The affidavit includes a recital that on its face is probative of the informant's past reliability. It states that the informant has been reliable in the past to members of the Narcotics Branch of the Metropolitan Police, and offers "some of the underlying circumstances" for that judgment. They are that this informant has supplied information concerning narcotics violators operating within the District of Columbia, and this information had proven to be correct in the past. We are aware that this recital can be given a reading so exacting in syntax as to negate what was the likely intent of the affiant, and even more likely the magistrate's understanding.

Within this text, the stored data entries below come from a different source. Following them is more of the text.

definition double_category :: "('o,'v,'h,'c) dcat \<Rightarrow> bool" where
  "double_category C \<longleftrightarrow>
     category (C0 C) \<and> category (C1 C) \<and>
     \<comment> \<open>source and target functors s, t : C1 \<rightarrow> C0\<close>
     is_functor (C1 C) (C0 C) \<lparr>fo = dhdom C, fm = dleft C\<rparr> \<and>
     is_functor (C1 C) (C0 C) \<lparr>fo = dhcod C, fm = dright C\<rparr> \<and>
     \<comment> \<open>unit functor u : C0 \<rightarrow> C1 with s u = t u = id\<close>
     is_functor (C0 C) (C1 C) \<lparr>fo = dhid C, fm = dchid C\<rparr> \<and>
     (\<forall>a\<in>dOb C. dhdom C (dhid C a) = a \<and> dhcod C (dhid C a) = a) \<and>
     (\<forall>f\<in>dVM C. dleft C (dchid C f) = f \<and> dright C (dchid C f) = f) \<and>
     \<comment> \<open>horizontal composition on horizontal morphisms\<close>
     (\<forall>h\<in>dHM C. \<forall>k\<in>dHM C. dhcod C h = dhdom C k \<longrightarrow>
        dhcmp C h k \<in> dHM C \<and> dhdom C (dhcmp C h k) = dhdom C h \<and> dhcod C (dhcmp C h k) = dhcod C k) \<and>
     (\<forall>h\<in>dHM C. \<forall>k\<in>dHM C. \<forall>l\<in>dHM C. dhcod C h = dhdom C k \<longrightarrow> dhcod C k = dhdom C l \<longrightarrow>
        dhcmp C (dhcmp C h k) l = dhcmp C h (dhcmp C k l)) \<and>
     (\<forall>h\<in>dHM C. dhcmp C (dhid C (dhdom C h)) h = h \<and> dhcmp C h (dhid C (dhcod C h)) = h) \<and>
     \<comment> \<open>horizontal composition on 2-morphisms\<close>
     (\<forall>\<Phi>\<in>dCells C. \<forall>\<Psi>\<in>dCells C. dright C \<Phi> = dleft C \<Psi> \<longrightarrow>
        dchcmp C \<Phi> \<Psi> \<in> dCells C \<and>
        dtop C (dchcmp C \<Phi> \<Psi>) = dhcmp C (dtop C \<Phi>) (dtop C \<Psi>) \<and>
        dbot C (dchcmp C \<Phi> \<Psi>) = dhcmp C (dbot C \<Phi>) (dbot C \<Psi>) \<and>
        dleft C (dchcmp C \<Phi> \<Psi>) = dleft C \<Phi> \<and> dright C (dchcmp C \<Phi> \<Psi>) = dright C \<Psi>) \<and>
     (\<forall>\<Phi>\<in>dCells C. \<forall>\<Psi>\<in>dCells C. \<forall>\<Xi>\<in>dCells C. dright C \<Phi> = dleft C \<Psi> \<longrightarrow> dright C \<Psi> = dleft C \<Xi> \<longrightarrow>
        dchcmp C (dchcmp C \<Phi> \<Psi>) \<Xi> = dchcmp C \<Phi> (dchcmp C \<Psi> \<Xi>)) \<and>
     (\<forall>\<Phi>\<in>dCells C. dchcmp C (dchid C (dleft C \<Phi>)) \<Phi> = \<Phi> \<and> dchcmp C \<Phi> (dchid C (dright C \<Phi>)) = \<Phi>) \<and>
     \<comment> \<open>functoriality of horizontal composition C1 \<times>_C0 C1 \<rightarrow> C1 (identities and interchange)\<close>
     (\<forall>h\<in>dHM C. \<forall>k\<in>dHM C. dhcod C h = dhdom C k \<longrightarrow>
        dcvid C (dhcmp C h k) = dchcmp C (dcvid C h) (dcvid C k)) \<and>
     (\<forall>\<Phi>\<in>dCells C. \<forall>\<Psi>\<in>dCells C. \<forall>\<Phi>'\<in>dCells C. \<forall>\<Psi>'\<in>dCells C.
        dright C \<Phi> = dleft C \<Psi> \<longrightarrow> dright C \<Phi>' = dleft C \<Psi>' \<longrightarrow>
        dbot C \<Phi> = dtop C \<Phi>' \<longrightarrow> dbot C \<Psi> = dtop C \<Psi>' \<longrightarrow>
        dcvcmp C (dchcmp C \<Phi>' \<Psi>') (dchcmp C \<Phi> \<Psi>) = dchcmp C (dcvcmp C \<Phi>' \<Phi>) (dcvcmp C \<Psi>' \<Psi>))"

record ('o,'v,'h,'c) dfun =
  fO :: "'o \<Rightarrow> 'o"
  fV :: "'v \<Rightarrow> 'v"
  fH :: "'h \<Rightarrow> 'h"
  fC :: "'c \<Rightarrow> 'c"

definition restr :: "('a \<Rightarrow> 'b) \<Rightarrow> 'a set \<Rightarrow> 'a \<Rightarrow> 'b" where
  "restr f A = (\<lambda>x. if x \<in> A then f x else undefined)"

text \<open>A strict double functor C \<rightarrow> D. The component maps are required to be extensional
  (undefined off the carriers of C), so that a double functor is determined by its action on C.\<close>
definition double_functor :: "('o,'v,'h,'c) dcat \<Rightarrow> ('o,'v,'h,'c) dcat \<Rightarrow> ('o,'v,'h,'c) dfun \<Rightarrow> bool" where
  "double_functor C D F \<longleftrightarrow>
     is_functor (C0 C) (C0 D) \<lparr>fo = fO F, fm = fV F\<rparr> \<and>
     is_functor (C1 C) (C1 D) \<lparr>fo = fH F, fm = fC F\<rparr> \<and>
     (\<forall>h\<in>dHM C. dhdom D (fH F h) = fO F (dhdom C h) \<and> dhcod D (fH F h) = fO F (dhcod C h)) \<and>
     (\<forall>\<Phi>\<in>dCells C. dleft D (fC F \<Phi>) = fV F (dleft C \<Phi>) \<and> dright D (fC F \<Phi>) = fV F (dright C \<Phi>)) \<and>
     (\<forall>h\<in>dHM C. \<forall>k\<in>dHM C. dhcod C h = dhdom C k \<longrightarrow> fH F (dhcmp C h k) = dhcmp D (fH F h) (fH F k)) \<and>
     (\<forall>a\<in>dOb C. fH F (dhid C a) = dhid D (fO F a)) \<and>
     (\<forall>\<Phi>\<in>dCells C. \<forall>\<Psi>\<in>dCells C. dright C \<Phi> = dleft C \<Psi> \<longrightarrow>
        fC F (dchcmp C \<Phi> \<Psi>) = dchcmp D (fC F \<Phi>) (fC F \<Psi>)) \<and>
     (\<forall>f\<in>dVM C. fC F (dchid C f) = dchid D (fV F f)) \<and>
     (\<forall>a. a \<notin> dOb C \<longrightarrow> fO F a = undefined) \<and>
     (\<forall>f. f \<notin> dVM C \<longrightarrow> fV F f = undefined) \<and>
     (\<forall>h. h \<notin> dHM C \<longrightarrow> fH F h = undefined) \<and>
     (\<forall>\<Phi>. \<Phi> \<notin> dCells C \<longrightarrow> fC F \<Phi> = undefined)"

In our view, the message intended, and understood, was that the informant's previous tips had been helpful to the police because they had proven correct. 5 Our responsibility under the pertinent Supreme Court decisions is to give the affidavit a sensible, pragmatic reading, one that takes account of the pressure of time and the typical level of verbal skills in laymen police officers, and accords deference to the magistrate's determination, which may be based on demeanor evidence, to credit the affiant's assertions.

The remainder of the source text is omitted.